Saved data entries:
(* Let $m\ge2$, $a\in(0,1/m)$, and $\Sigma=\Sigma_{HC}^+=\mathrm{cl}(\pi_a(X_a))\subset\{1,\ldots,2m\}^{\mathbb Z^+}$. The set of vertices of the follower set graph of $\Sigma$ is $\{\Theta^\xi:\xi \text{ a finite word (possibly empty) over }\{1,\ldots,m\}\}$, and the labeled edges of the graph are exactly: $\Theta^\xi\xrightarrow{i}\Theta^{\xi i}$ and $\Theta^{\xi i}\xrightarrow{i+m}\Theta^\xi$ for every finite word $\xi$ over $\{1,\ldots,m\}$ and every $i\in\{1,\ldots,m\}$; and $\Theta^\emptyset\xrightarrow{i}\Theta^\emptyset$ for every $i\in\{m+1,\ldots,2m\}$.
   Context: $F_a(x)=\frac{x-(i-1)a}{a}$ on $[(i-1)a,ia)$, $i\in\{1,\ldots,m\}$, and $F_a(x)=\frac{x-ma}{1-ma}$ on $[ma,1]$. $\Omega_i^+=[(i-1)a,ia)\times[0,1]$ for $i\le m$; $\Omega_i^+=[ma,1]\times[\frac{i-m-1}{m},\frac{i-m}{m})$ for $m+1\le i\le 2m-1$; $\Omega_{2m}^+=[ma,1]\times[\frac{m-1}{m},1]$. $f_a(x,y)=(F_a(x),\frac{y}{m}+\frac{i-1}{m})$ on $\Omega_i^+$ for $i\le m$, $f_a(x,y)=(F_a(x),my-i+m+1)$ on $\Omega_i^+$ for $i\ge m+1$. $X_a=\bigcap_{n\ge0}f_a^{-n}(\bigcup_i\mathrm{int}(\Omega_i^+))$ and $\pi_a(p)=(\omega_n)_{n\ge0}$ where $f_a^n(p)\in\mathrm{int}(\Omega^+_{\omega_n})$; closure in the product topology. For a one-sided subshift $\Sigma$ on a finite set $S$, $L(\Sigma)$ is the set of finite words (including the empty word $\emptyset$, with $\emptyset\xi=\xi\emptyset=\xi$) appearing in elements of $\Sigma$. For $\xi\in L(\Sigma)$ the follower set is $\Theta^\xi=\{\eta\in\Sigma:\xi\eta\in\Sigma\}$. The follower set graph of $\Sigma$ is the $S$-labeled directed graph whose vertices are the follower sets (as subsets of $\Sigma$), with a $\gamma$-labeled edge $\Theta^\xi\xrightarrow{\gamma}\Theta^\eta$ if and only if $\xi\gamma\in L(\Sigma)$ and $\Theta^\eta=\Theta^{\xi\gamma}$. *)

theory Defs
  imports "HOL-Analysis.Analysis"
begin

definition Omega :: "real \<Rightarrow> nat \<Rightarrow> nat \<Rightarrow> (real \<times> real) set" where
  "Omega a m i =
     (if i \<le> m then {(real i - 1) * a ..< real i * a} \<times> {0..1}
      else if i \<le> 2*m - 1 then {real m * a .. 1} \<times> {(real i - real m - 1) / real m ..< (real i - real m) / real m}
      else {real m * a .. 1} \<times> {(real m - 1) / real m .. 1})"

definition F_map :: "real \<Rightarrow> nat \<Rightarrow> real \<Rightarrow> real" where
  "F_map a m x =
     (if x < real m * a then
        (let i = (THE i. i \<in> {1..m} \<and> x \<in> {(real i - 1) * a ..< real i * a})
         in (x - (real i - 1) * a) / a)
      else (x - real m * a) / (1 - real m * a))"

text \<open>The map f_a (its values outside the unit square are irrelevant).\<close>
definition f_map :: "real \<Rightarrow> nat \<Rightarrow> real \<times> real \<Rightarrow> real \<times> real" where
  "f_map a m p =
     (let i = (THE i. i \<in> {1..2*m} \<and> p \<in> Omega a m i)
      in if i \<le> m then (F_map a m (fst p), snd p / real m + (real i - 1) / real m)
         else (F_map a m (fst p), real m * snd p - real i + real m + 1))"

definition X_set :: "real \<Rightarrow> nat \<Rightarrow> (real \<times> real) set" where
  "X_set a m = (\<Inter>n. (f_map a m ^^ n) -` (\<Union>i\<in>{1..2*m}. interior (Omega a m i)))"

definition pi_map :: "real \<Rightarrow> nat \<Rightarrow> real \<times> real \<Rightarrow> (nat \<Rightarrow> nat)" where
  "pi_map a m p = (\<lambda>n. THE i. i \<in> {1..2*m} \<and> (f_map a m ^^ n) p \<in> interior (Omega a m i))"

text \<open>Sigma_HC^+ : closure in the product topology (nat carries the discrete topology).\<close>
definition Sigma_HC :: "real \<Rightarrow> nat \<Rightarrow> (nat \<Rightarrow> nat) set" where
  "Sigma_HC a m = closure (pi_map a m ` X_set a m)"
* * *
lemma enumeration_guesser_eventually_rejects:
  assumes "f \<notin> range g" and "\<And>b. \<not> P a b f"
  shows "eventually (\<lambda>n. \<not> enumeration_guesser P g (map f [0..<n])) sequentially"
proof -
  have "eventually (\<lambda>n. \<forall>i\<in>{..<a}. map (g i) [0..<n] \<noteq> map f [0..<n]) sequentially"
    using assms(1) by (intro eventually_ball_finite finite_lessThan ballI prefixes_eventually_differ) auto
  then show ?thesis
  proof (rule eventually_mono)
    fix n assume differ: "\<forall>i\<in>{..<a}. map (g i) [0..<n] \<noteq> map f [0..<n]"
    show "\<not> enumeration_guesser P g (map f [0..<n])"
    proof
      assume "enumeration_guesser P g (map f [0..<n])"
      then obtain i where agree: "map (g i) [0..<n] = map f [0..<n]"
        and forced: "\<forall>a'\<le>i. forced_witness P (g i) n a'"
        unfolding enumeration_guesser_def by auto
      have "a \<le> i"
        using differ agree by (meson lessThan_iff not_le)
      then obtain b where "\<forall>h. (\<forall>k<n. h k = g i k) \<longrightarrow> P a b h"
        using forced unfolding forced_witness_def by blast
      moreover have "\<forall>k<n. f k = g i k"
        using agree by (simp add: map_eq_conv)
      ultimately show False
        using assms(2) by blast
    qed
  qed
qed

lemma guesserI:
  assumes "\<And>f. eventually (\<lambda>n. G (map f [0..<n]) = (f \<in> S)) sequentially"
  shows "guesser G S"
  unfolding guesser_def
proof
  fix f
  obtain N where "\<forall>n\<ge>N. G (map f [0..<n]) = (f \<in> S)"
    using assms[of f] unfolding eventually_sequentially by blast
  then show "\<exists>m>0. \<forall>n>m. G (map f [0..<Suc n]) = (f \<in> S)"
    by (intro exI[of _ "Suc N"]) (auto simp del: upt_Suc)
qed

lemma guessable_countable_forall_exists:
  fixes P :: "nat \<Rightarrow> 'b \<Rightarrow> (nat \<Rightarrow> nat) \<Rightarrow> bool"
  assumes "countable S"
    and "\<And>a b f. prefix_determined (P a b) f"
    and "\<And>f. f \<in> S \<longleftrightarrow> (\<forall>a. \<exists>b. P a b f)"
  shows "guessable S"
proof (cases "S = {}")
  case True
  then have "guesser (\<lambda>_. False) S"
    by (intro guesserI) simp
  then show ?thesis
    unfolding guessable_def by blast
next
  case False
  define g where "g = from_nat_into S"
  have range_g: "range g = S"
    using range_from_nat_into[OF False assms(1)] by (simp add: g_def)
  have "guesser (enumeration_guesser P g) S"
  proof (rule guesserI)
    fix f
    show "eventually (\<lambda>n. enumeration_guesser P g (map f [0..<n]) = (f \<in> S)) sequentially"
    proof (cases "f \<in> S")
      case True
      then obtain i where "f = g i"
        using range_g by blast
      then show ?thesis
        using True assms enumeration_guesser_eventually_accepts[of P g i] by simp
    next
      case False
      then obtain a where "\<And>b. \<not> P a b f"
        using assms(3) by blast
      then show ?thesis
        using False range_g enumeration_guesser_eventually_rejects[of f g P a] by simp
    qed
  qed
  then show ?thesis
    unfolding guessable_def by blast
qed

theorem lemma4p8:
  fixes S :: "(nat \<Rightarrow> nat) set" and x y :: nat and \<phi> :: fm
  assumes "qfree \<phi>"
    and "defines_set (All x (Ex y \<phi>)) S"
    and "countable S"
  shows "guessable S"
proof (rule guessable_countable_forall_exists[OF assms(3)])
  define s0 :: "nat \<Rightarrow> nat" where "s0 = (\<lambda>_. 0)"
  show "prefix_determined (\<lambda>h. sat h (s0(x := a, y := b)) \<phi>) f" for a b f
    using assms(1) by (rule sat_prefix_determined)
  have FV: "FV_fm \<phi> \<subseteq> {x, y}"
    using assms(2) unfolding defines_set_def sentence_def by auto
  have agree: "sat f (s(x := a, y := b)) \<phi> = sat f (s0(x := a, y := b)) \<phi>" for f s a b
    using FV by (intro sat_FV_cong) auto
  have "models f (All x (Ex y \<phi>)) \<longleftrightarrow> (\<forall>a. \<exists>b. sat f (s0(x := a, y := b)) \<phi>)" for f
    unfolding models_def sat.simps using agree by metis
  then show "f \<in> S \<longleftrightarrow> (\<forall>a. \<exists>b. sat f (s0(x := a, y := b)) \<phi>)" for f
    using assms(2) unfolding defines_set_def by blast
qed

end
...
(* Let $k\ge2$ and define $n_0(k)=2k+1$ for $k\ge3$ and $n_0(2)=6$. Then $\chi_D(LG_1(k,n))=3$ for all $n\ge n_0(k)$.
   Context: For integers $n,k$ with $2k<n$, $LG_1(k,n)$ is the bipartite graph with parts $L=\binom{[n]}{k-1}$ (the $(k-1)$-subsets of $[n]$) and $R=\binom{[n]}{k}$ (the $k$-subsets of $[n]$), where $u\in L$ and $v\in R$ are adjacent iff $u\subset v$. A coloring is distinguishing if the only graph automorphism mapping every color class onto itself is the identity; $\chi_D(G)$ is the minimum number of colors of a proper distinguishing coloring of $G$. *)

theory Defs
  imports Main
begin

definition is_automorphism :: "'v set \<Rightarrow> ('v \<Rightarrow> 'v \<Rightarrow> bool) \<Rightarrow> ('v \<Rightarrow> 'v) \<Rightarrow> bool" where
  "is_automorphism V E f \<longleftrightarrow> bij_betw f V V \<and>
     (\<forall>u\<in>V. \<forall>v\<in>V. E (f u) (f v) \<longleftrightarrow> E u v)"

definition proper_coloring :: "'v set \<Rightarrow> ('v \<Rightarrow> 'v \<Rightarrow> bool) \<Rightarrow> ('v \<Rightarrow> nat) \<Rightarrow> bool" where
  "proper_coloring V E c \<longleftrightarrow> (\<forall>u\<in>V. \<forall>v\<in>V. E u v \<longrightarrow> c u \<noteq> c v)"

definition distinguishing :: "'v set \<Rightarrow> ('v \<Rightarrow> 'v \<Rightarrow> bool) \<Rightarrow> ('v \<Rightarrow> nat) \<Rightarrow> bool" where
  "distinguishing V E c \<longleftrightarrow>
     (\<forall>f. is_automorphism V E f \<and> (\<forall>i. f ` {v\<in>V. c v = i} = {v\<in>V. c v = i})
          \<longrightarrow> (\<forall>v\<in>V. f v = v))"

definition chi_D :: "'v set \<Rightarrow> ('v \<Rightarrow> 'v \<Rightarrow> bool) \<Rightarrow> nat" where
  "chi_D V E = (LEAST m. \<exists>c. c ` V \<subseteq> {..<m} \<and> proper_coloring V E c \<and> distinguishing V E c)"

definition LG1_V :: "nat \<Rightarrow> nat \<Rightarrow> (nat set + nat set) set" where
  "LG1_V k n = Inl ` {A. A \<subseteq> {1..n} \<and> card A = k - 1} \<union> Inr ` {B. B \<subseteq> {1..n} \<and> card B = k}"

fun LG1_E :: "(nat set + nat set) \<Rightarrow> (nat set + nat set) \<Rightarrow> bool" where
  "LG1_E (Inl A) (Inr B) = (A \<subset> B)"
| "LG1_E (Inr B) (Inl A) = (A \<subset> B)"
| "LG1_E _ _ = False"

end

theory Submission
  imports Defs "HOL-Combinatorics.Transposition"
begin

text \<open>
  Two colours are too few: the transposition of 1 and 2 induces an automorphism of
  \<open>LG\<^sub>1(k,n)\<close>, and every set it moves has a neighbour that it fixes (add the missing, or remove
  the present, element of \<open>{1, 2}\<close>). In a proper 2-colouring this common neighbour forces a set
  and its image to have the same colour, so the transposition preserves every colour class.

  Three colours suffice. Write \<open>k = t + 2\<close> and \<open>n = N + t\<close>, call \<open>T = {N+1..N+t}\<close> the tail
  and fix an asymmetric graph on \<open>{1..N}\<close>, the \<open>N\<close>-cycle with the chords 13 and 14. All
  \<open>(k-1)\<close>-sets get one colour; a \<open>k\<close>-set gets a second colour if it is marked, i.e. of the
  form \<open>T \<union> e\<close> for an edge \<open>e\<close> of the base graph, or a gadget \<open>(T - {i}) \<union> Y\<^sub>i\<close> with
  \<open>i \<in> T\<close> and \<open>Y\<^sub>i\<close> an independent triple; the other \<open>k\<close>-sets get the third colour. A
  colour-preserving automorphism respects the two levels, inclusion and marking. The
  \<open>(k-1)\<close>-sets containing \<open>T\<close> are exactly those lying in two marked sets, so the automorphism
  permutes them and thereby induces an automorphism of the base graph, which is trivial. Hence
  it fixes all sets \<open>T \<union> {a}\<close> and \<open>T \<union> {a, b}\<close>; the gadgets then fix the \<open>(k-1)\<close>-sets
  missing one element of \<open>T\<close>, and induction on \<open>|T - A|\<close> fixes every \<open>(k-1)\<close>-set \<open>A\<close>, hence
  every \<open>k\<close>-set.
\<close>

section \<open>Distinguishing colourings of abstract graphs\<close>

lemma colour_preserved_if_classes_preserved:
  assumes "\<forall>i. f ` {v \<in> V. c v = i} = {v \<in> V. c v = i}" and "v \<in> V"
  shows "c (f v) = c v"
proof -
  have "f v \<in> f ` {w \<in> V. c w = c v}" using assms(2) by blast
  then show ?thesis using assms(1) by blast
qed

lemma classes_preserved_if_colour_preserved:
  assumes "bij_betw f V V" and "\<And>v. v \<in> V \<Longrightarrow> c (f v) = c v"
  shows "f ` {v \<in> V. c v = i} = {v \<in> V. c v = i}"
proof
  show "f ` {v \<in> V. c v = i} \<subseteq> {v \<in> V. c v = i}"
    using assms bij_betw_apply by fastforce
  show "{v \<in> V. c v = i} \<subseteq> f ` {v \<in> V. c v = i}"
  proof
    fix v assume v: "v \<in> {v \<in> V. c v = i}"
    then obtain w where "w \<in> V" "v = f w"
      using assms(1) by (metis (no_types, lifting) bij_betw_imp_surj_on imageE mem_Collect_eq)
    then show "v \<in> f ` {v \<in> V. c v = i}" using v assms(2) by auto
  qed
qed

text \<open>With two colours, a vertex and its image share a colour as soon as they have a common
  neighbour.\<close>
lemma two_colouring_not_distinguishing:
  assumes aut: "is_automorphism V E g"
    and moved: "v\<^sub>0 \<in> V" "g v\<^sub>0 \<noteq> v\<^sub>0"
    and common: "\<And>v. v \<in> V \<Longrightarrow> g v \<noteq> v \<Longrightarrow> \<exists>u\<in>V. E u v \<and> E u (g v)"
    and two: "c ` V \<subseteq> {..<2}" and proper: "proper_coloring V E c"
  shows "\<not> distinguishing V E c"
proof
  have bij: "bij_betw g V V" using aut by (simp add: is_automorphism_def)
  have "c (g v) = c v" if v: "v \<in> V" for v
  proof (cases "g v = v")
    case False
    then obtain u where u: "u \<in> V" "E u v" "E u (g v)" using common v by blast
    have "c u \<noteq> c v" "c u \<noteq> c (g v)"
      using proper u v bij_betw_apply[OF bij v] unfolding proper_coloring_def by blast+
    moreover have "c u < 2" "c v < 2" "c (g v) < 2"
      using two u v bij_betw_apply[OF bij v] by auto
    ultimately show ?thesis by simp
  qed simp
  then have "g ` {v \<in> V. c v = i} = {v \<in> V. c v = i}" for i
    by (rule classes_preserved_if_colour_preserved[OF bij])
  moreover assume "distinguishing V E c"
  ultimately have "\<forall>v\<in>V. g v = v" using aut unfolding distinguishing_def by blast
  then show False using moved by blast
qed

Work required:
From the entries above, show each line that includes the string "moreover".

Completed exercise:
      moreover have "\<forall>k<n. f k = g i k"
    moreover have "c u < 2" "c v < 2" "c (g v) < 2"
  moreover assume "distinguishing V E c"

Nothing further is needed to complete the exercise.